At the Beacon – an incredible gilt-edged friezed & frescoed Art Deco riot of a theater, it’s worth going to almost any show there just to see the place if you’ve never been – last night, Tuna brought it to New York one more time.  We had seats in the second row of the loge on the left, a superb vantage point.  Jorma, Jack, & sometime Tuna guitarist Michael Falzarano (an integral part of electric Tuna who occasionally joins them at acoustic gigs) were seated right to left at stage center, no props other than the small amps at their sides.  They would be joined for about 10 songs by Barry Mitterhoff, a guy who shreds & bends mandolin strings like a metal guitarist; he brought another strong instrumental voice to every song he played.

The set ran for nearly two hours:

Nobody Knows You When You’re Down & Out
Trouble In Mind
New Song (For The Morning)
Vampire Woman
Death Don’t Have No Mercy In This Land
Do Not Go Gentle
Serpent Of Dreams
Red River Blues
Waiting For A Train
That’s Alright Mama
Living In The Moment
Embryonic Journey
Good Shepherd
I See The Light
99 Year Blues
Last Train Out
I Am The Light Of This World
What Are They Doing In Heaven Today
Just Because

encore: Hesitation Blues

Highlights –

Serpent Of Dreams had been in my mind all week. I really hoped they’d play it; amazingly, they did.

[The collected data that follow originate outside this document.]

(* Suppose $U_1,\dots,U_N,V_1,\dots,V_n\in\mathbb{R}^d$ form a margin-$m$, relative-bias-$0$ embedding of $S_{n,k}$ with $0<m<1$. Then for every $T\subset[n]$ with $k\le|T|\le\min\bigl(k+\frac{2km}{1-m},\,n-1\bigr)$ there exist $h\in\mathbb{S}^{d-1}$ and $c\in\mathbb{R}$ such that $\langle h,V_i\rangle\ge c$ for all $i\in T$ and $\langle h,V_j\rangle\le c$ for all $j\notin T$.
   Context: $S_{n,k}\in\{0,1\}^{\binom{n}{k}\times n}$ (so $N=\binom nk$) is the matrix whose rows are all the distinct vectors in $\{0,1\}^n$ with exactly $k$ ones, each appearing exactly once. For $A\in\{0,1\}^{N\times n}$ and $m\ge0$, unit vectors $U_1,\dots,U_N,V_1,\dots,V_n\in\mathbb{R}^d$ form a margin-$m$, relative-bias-$0$ embedding of $A$ if $\langle U_j,V_i\rangle\ge m$ whenever $A_{ji}=1$ and $\langle U_j,V_i\rangle\le -m$ whenever $A_{ji}=0$. *)

theory Defs
  imports "HOL-Analysis.Analysis"
begin

text \<open>A 0/1 matrix with rows indexed by a set R and columns indexed by {..<n}
  is represented by a predicate A :: 'r \<Rightarrow> nat \<Rightarrow> bool (A j i = True means entry 1).\<close>

definition margin_embedding ::
  "'r set \<Rightarrow> nat \<Rightarrow> ('r \<Rightarrow> nat \<Rightarrow> bool) \<Rightarrow> real \<Rightarrow> ('r \<Rightarrow> 'a::real_inner) \<Rightarrow> (nat \<Rightarrow> 'a) \<Rightarrow> bool"
  where "margin_embedding R n A m U V \<longleftrightarrow>
    (\<forall>j\<in>R. norm (U j) = 1) \<and> (\<forall>i<n. norm (V i) = 1) \<and>
    (\<forall>j\<in>R. \<forall>i<n. (A j i \<longrightarrow> inner (U j) (V i) \<ge> m) \<and>
                     (\<not> A j i \<longrightarrow> inner (U j) (V i) \<le> - m))"

text \<open>Rows of S_{n,k}: each k-subset of {..<n} appears exactly once, as its indicator vector.\<close>

definition ksubsets :: "nat \<Rightarrow> nat \<Rightarrow> nat set set"
  where "ksubsets n k = {S. S \<subseteq> {..<n} \<and> card S = k}"

definition S_matrix :: "nat set \<Rightarrow> nat \<Rightarrow> bool"
  where "S_matrix S i \<longleftrightarrow> i \<in> S"

end

theory Submission
  imports Defs
begin

(* Take h to be the sum of the row vectors U S over all k-subsets S of T, with t = card T.
   For j outside T every term satisfies <U S, V j> <= -m, so <h, V j> <= -m * C(t,k).
   For i in T, the C(t-1,k-1) subsets containing i contribute at least m each and the
   C(t-1,k) others at least -1 (Cauchy-Schwarz); because k * C(t-1,k) = (t-k) * C(t-1,k-1),
   the hypothesis (1-m)(t-k) <= 2km says precisely that this lower bound is still
   >= -m * C(t,k). Since T misses some column, the threshold -m * C(t,k) is negative,
   hence h is nonzero and can be normalised. *)

lemma choose_pred_absorb:
  fixes t k :: nat
  assumes "0 < k" "0 < t"
  shows "k * ((t - 1) choose k) = (t - k) * ((t - 1) choose (k - 1))"
proof -
  have "t * (k * ((t - 1) choose k)) = k * ((t - k) * (t choose k))"
    by (simp add: binomial_absorb_comp)
  also have "\<dots> = (t - k) * (k * (t choose k))" by simp
  also have "\<dots> = t * ((t - k) * ((t - 1) choose (k - 1)))"
    using binomial_absorption[of "k - 1" t] assms(1) by simp
  finally show ?thesis using assms(2) by simp
qed

lemma card_ksubsets_avoiding:
  assumes "finite T" "i \<in> T"
  shows "card {S. S \<subseteq> T \<and> card S = k \<and> i \<notin> S} = (card T - 1) choose k"
proof -
  have "{S. S \<subseteq> T \<and> card S = k \<and> i \<notin> S} = {S. S \<subseteq> T - {i} \<and> card S = k}" by auto
  then show ?thesis using n_subsets[of "T - {i}" k] assms by simp
qed

lemma card_ksubsets_containing:
  assumes "finite T" "i \<in> T" "0 < k"
  shows "card {S. S \<subseteq> T \<and> card S = k \<and> i \<in> S} = (card T - 1) choose (k - 1)"
proof -
  let ?A = "{S. S \<subseteq> T \<and> card S = k \<and> i \<in> S}" and ?B = "{S. S \<subseteq> T \<and> card S = k \<and> i \<notin> S}"
  have "finite ?A" "finite ?B"
    using assms(1) by simp_all
  moreover have "{S. S \<subseteq> T \<and> card S = k} = ?A \<union> ?B" by blast
  ultimately have "card ?A + card ?B = card T choose k"
    using n_subsets[OF assms(1), of k] by (simp add: card_Un_disjoint disjoint_iff)
  moreover have "0 < card T" using assms card_gt_0_iff by blast
  ultimately show ?thesis
    using card_ksubsets_avoiding[OF assms(1,2)] choose_reduce_nat assms(3) by simp
qed

lemma inner_sum_unit_ge:
  fixes U :: "'s \<Rightarrow> 'a::real_inner"
  assumes "finite F" "norm v = 1" "\<And>S. S \<in> F \<Longrightarrow> norm (U S) = 1"
    and "\<And>S. S \<in> F \<Longrightarrow> P S \<Longrightarrow> m \<le> inner (U S) v"
  shows "m * card {S\<in>F. P S} - card {S\<in>F. \<not> P S} \<le> inner (\<Sum>S\<in>F. U S) v"
proof -
  have "inner (\<Sum>S\<in>F. U S) v = (\<Sum>S | S\<in>F \<and> P S. inner (U S) v) + (\<Sum>S | S\<in>F \<and> \<not> P S. inner (U S) v)"
    using sum.Int_Diff[OF assms(1), of _ "Collect P"] by (simp add: inner_sum_left Int_def set_diff_eq)
  moreover have "(\<Sum>S | S\<in>F \<and> P S. m) \<le> (\<Sum>S | S\<in>F \<and> P S. inner (U S) v)"
    by (rule sum_mono) (use assms(4) in auto)
  moreover have "(\<Sum>S | S\<in>F \<and> \<not> P S. -1) \<le> (\<Sum>S | S\<in>F \<and> \<not> P S. inner (U S) v)"
  proof (rule sum_mono)
    fix S assume "S \<in> {S \<in> F. \<not> P S}"
    then show "-1 \<le> inner (U S) v"
      using Cauchy_Schwarz_ineq2[of "U S" v] assms(2,3) by auto
  qed
  ultimately show ?thesis by (simp add: mult.commute)
qed

lemma margin_choose_ineq:
  fixes m :: real and t k :: nat
  assumes "0 < k" "k \<le> t" "m < 1" "real t \<le> real k + 2 * real k * m / (1 - m)"
  shows "(1 - m) * ((t - 1) choose k) \<le> 2 * m * ((t - 1) choose (k - 1))"
proof -
  let ?a = "real ((t - 1) choose (k - 1))" and ?b = "real ((t - 1) choose k)"
  have ratio: "real k * ?b = (real t - real k) * ?a"
    using arg_cong[OF choose_pred_absorb[of k t], of real] assms(1,2) by (simp add: of_nat_diff)
  have "real t - real k \<le> 2 * real k * m / (1 - m)"
    using assms(4) by linarith
  then have gap: "(1 - m) * (real t - real k) \<le> 2 * real k * m"
    using assms(3) by (simp add: pos_le_divide_eq mult.commute)
  have "real k * ((1 - m) * ?b) = (1 - m) * (real k * ?b)"
    by (rule mult.left_commute)
  also have "\<dots> = (1 - m) * (real t - real k) * ?a"
    by (simp only: ratio mult.assoc)
  also have "\<dots> \<le> 2 * real k * m * ?a"
    using gap by (rule mult_right_mono) simp
  also have "\<dots> = real k * (2 * m * ?a)"
    by simp
  finally show ?thesis
    by (rule mult_left_le_imp_le) (use assms(1) in simp)
qed

lemma inner_sum_ksubsets_ge:
  fixes U :: "nat set \<Rightarrow> 'a::real_inner" and m :: real
  assumes T: "finite T" "i \<in> T" "k \<le> card T"
    and m: "m < 1" "real (card T) \<le> real k + 2 * real k * m / (1 - m)"
    and unit: "norm v = 1" "\<And>S. S \<subseteq> T \<Longrightarrow> card S = k \<Longrightarrow> norm (U S) = 1"
    and margin: "\<And>S. S \<subseteq> T \<Longrightarrow> card S = k \<Longrightarrow> i \<in> S \<Longrightarrow> m \<le> inner (U S) v"
  shows "- m * real (card T choose k) \<le> inner (\<Sum>S | S \<subseteq> T \<and> card S = k. U S) v"
proof -
  let ?F = "{S. S \<subseteq> T \<and> card S = k}"
  let ?a = "real ((card T - 1) choose (k - 1))" and ?b = "real ((card T - 1) choose k)"
  have "0 < card T" using T card_gt_0_iff by blast
  then have "0 < k" using m(2) by (cases k) auto
  have "{S\<in>?F. i \<in> S} = {S. S \<subseteq> T \<and> card S = k \<and> i \<in> S}"
    and "{S\<in>?F. i \<notin> S} = {S. S \<subseteq> T \<and> card S = k \<and> i \<notin> S}" by auto
  moreover have "m * card {S\<in>?F. i \<in> S} - card {S\<in>?F. i \<notin> S} \<le> inner (\<Sum>S\<in>?F. U S) v"
    using T(1) unit margin by (intro inner_sum_unit_ge) auto
  ultimately have "m * ?a - ?b \<le> inner (\<Sum>S\<in>?F. U S) v"
    by (simp only: card_ksubsets_containing[OF T(1,2) \<open>0 < k\<close>] card_ksubsets_avoiding[OF T(1,2)])
  moreover have "real (card T choose k) = ?a + ?b"
    using choose_reduce_nat[OF \<open>0 < card T\<close> \<open>0 < k\<close>] by simp
  moreover have "(1 - m) * ?b \<le> 2 * m * ?a"
    using margin_choose_ineq[OF \<open>0 < k\<close> T(3) m] .
  ultimately show ?thesis by (simp add: algebra_simps)
qed

lemma inner_sum_ksubsets_le:
  fixes U :: "nat set \<Rightarrow> 'a::real_inner" and m :: real
  assumes "finite T" "\<And>S. S \<subseteq> T \<Longrightarrow> card S = k \<Longrightarrow> inner (U S) v \<le> - m"
  shows "inner (\<Sum>S | S \<subseteq> T \<and> card S = k. U S) v \<le> - m * real (card T choose k)"
proof -
  have "inner (\<Sum>S | S \<subseteq> T \<and> card S = k. U S) v = (\<Sum>S | S \<subseteq> T \<and> card S = k. inner (U S) v)"
    by (simp add: inner_sum_left)
  also have "\<dots> \<le> (\<Sum>S | S \<subseteq> T \<and> card S = k. - m)"
    using assms(2) by (intro sum_mono) blast
  also have "\<dots> = - m * real (card T choose k)"
    using n_subsets[OF assms(1)] by simp
  finally show ?thesis .
qed

lemma unit_separator_of_nonzero:
  fixes h :: "'a::real_inner"
  assumes "h \<noteq> 0" "\<forall>i\<in>I. c \<le> inner h (x i)" "\<forall>j\<in>J. inner h (x j) \<le> c"
  shows "\<exists>h c. norm h = 1 \<and> (\<forall>i\<in>I. c \<le> inner h (x i)) \<and> (\<forall>j\<in>J. inner h (x j) \<le> c)"
proof (intro exI conjI)
  show "norm (h /\<^sub>R norm h) = 1" using assms(1) by simp
  show "\<forall>i\<in>I. c / norm h \<le> inner (h /\<^sub>R norm h) (x i)"
    using assms(1,2) by (simp add: divide_right_mono divide_inverse_commute)
  show "\<forall>j\<in>J. inner (h /\<^sub>R norm h) (x j) \<le> c / norm h"
    using assms(1,3) by (simp add: divide_right_mono divide_inverse_commute)
qed

theorem propositionG1:
  fixes n k :: nat and m :: real
    and U :: "nat set \<Rightarrow> 'a::euclidean_space" and V :: "nat \<Rightarrow> 'a"
  assumes emb: "margin_embedding (ksubsets n k) n S_matrix m U V"
    and m_pos: "0 < m" and m_lt1: "m < 1"
    and T_sub: "T \<subseteq> {..<n}"
    and T_lo: "k \<le> card T"
    and T_hi1: "real (card T) \<le> real k + 2 * real k * m / (1 - m)"
    and T_hi2: "real (card T) \<le> real n - 1"
  shows "\<exists>h c. norm h = 1 \<and> (\<forall>i\<in>T. inner h (V i) \<ge> c) \<and>
                (\<forall>j\<in>{..<n} - T. inner h (V j) \<le> c)"
proof -
  let ?F = "{S. S \<subseteq> T \<and> card S = k}"
  define h where "h = (\<Sum>S\<in>?F. U S)"
  define c where "c = - m * real (card T choose k)"
  have "finite T" using T_sub finite_subset by blast
  have U_unit: "\<And>S. S \<in> ksubsets n k \<Longrightarrow> norm (U S) = 1"
    and V_unit: "\<And>i. i < n \<Longrightarrow> norm (V i) = 1"
    and member: "\<And>S i. S \<in> ksubsets n k \<Longrightarrow> i < n \<Longrightarrow> i \<in> S \<Longrightarrow> m \<le> inner (U S) (V i)"
    and nonmember: "\<And>S i. S \<in> ksubsets n k \<Longrightarrow> i < n \<Longrightarrow> i \<notin> S \<Longrightarrow> inner (U S) (V i) \<le> - m"
    using emb unfolding margin_embedding_def S_matrix_def by auto
  have row: "S \<in> ksubsets n k" if "S \<subseteq> T" "card S = k" for S
    using that T_sub unfolding ksubsets_def by auto
  have inside: "\<forall>i\<in>T. c \<le> inner h (V i)"
  proof
    fix i assume "i \<in> T"
    with T_sub V_unit U_unit member row show "c \<le> inner h (V i)"
      unfolding c_def h_def
      by (intro inner_sum_ksubsets_ge[OF \<open>finite T\<close> \<open>i \<in> T\<close> T_lo m_lt1 T_hi1]) auto
  qed
  have outside: "\<forall>j\<in>{..<n} - T. inner h (V j) \<le> c"
  proof
    fix j assume "j \<in> {..<n} - T"
    with nonmember row show "inner h (V j) \<le> c"
      unfolding c_def h_def by (intro inner_sum_ksubsets_le[OF \<open>finite T\<close>]) auto
  qed
  have "card T < card {..<n}" using T_hi2 by simp
  then have "T \<noteq> {..<n}" by auto
  then obtain j where "j \<in> {..<n} - T" using T_sub by blast
  moreover have "c < 0" unfolding c_def using m_pos T_lo by simp
  ultimately have "h \<noteq> 0" using outside by auto
  then show ?thesis using unit_separator_of_nonzero[OF _ inside outside] by blast
qed

end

Michael Falzarano introduced That’s Alright Mama with a brief tale of when they visited Graceland; they inspected The King’s record collection & were thrilled to find a copy of First Pull Up, Then Pull Down, & so the next song would be their tribute to Elvis.  Later, Michael noted that he written Last Train Out in memory of the late Allen Woody (Gov’t Mule’s original bassist).  Michael sang both songs and was great, I’ve always liked the character of his voice & the rhythmic drive he adds to the Tuna ensemble.

Barry Mitterhoff played on Red River Blues thru Good Shepherd, & then the last four songs, if I remember rightly.  (I should have taken better notes, but couldn’t tear myself away from the music enough to be that precise.)  He was superb throughout.

Jack ripped out extended solos on Good Shepherd, 99 Year Blues and Light Of This World, each one well thought out, starting with spare notes, ending with fingers flying, striking upper-fret bass chords in just the right places.  Masterful.  The crowd gave an ovation to every one before the songs ended.  There may be more virtuostic bassists in this world but no one plays it quite like Jack.

Jorma – his isn’t an easy voice to like, but it has a lot of character.  He hit his share of clams during the night (unlike Jack, who is so clean & precise), but as Buck Dharma says, “I never mind the clams, they let you know it’s live,”  and neither do I.  Jorma’s fingerpicking is staggeringly accomplished, and his spiky blues leads take me away to other times and places.  Tuna music, acid-drenched electric or quietly acoustic, has always been about tones & textures & sheer musicianship, with Jack & Jorma at the heart of it.  It’s changed and gone in many directions over the decades, and that heart still has a strong beat.